• PROBLEM DETAILS
Read through the entries below and copy each line where "notin" turns up.

★ ★ ★

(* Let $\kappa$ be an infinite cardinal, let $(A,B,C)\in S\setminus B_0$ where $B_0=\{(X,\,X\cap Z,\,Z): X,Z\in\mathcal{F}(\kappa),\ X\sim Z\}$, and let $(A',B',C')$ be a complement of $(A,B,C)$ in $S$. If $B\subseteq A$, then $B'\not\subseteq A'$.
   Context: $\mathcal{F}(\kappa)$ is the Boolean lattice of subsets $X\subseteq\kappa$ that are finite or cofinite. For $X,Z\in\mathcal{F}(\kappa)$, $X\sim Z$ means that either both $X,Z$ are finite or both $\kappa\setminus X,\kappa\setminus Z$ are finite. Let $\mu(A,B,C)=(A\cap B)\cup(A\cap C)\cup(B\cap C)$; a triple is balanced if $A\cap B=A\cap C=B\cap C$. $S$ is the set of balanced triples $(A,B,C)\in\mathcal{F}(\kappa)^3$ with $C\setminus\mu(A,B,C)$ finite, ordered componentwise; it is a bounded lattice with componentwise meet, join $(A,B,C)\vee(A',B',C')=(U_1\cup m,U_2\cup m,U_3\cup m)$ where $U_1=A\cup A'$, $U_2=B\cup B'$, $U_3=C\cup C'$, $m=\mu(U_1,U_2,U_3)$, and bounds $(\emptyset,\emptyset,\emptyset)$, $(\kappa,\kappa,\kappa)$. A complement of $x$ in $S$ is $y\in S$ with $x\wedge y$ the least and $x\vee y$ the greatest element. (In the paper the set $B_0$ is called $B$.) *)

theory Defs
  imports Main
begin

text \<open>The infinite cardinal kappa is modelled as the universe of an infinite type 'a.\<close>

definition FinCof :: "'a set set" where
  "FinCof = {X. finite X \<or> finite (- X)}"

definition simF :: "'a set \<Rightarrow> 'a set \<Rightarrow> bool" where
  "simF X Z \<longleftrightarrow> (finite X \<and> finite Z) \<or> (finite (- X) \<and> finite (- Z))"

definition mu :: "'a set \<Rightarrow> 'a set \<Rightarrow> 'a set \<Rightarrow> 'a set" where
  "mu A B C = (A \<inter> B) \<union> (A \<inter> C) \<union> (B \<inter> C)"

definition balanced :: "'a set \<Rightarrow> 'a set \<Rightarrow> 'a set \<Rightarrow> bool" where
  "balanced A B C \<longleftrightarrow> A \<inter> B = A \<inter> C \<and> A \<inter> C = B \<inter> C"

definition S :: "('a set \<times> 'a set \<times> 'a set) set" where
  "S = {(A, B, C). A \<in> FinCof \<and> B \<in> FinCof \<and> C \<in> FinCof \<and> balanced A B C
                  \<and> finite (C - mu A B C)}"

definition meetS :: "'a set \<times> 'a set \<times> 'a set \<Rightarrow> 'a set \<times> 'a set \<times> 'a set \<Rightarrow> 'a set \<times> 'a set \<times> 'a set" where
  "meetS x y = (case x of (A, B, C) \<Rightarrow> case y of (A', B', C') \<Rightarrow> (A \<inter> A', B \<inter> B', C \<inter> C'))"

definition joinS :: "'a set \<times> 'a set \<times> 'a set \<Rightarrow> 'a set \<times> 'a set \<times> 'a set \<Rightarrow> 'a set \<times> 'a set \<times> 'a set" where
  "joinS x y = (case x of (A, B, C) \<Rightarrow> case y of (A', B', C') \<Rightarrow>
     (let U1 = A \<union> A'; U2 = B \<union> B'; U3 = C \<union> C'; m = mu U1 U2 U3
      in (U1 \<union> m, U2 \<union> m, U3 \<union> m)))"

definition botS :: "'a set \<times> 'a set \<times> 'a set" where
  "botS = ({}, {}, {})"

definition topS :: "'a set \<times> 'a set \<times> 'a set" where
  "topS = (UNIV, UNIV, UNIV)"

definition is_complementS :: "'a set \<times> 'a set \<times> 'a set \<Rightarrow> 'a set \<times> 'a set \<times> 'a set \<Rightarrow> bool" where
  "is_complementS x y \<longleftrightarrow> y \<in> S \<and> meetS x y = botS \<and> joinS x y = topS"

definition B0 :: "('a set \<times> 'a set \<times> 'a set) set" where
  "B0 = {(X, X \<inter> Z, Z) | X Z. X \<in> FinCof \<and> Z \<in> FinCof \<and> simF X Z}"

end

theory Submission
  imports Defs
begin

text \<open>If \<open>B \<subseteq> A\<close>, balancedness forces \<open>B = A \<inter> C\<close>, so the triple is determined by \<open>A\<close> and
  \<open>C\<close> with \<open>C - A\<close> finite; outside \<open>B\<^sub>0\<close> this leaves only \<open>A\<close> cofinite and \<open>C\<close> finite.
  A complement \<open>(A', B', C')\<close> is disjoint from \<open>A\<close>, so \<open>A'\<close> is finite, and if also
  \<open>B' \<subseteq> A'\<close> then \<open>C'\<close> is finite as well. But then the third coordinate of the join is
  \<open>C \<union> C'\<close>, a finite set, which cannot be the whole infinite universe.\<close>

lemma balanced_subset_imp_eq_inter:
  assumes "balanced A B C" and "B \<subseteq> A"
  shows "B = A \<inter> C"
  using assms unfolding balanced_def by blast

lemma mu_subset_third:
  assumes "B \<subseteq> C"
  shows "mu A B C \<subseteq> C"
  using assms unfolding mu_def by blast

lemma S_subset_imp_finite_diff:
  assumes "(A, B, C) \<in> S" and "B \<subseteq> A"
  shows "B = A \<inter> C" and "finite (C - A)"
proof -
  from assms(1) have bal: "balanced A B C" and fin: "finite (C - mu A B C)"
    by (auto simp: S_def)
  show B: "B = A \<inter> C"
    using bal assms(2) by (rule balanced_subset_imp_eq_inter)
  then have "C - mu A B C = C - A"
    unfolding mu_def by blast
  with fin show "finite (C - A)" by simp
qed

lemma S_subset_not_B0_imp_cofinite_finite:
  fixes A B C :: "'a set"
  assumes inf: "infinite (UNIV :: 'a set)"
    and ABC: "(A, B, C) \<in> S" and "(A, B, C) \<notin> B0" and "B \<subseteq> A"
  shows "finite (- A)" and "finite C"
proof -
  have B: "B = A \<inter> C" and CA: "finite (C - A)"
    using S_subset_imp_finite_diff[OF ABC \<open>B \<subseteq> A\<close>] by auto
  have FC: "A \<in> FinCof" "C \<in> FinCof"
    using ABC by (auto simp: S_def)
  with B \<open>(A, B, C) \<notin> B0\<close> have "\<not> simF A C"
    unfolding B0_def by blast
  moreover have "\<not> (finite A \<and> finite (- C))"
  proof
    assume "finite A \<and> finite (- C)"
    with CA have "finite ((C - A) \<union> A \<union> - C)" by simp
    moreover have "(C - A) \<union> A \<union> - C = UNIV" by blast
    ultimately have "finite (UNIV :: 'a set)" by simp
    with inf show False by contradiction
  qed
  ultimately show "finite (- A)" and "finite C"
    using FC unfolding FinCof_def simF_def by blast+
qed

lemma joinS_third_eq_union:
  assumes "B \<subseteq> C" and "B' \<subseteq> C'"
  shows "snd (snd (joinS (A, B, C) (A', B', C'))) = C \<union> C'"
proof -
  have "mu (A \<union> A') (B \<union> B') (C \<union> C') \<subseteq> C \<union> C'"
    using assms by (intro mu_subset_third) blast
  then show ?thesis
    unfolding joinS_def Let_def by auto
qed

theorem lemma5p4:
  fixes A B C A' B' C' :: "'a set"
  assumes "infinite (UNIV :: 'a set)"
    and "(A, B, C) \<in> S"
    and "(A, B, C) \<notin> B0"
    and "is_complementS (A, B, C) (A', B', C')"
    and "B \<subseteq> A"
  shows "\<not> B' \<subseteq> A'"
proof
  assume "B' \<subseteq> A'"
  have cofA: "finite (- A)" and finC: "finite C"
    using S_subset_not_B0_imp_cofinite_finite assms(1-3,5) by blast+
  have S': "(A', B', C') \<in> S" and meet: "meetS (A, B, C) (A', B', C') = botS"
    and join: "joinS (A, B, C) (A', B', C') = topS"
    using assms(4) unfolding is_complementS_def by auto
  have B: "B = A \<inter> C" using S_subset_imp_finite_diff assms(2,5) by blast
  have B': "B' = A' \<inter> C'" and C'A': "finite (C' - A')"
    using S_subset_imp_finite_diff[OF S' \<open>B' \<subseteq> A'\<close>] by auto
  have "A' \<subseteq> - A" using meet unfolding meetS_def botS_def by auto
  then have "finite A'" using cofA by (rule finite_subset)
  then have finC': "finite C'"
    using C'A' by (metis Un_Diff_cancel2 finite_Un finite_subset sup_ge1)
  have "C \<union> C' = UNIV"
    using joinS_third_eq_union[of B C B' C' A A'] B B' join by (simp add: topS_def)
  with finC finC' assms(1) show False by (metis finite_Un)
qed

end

★ ★ ★

• EXERCISE RESPONSE
    and ABC: "(A, B, C) \<in> S" and "(A, B, C) \<notin> B0" and "B \<subseteq> A"
  with B \<open>(A, B, C) \<notin> B0\<close> have "\<not> simF A C"
    and "(A, B, C) \<notin> B0"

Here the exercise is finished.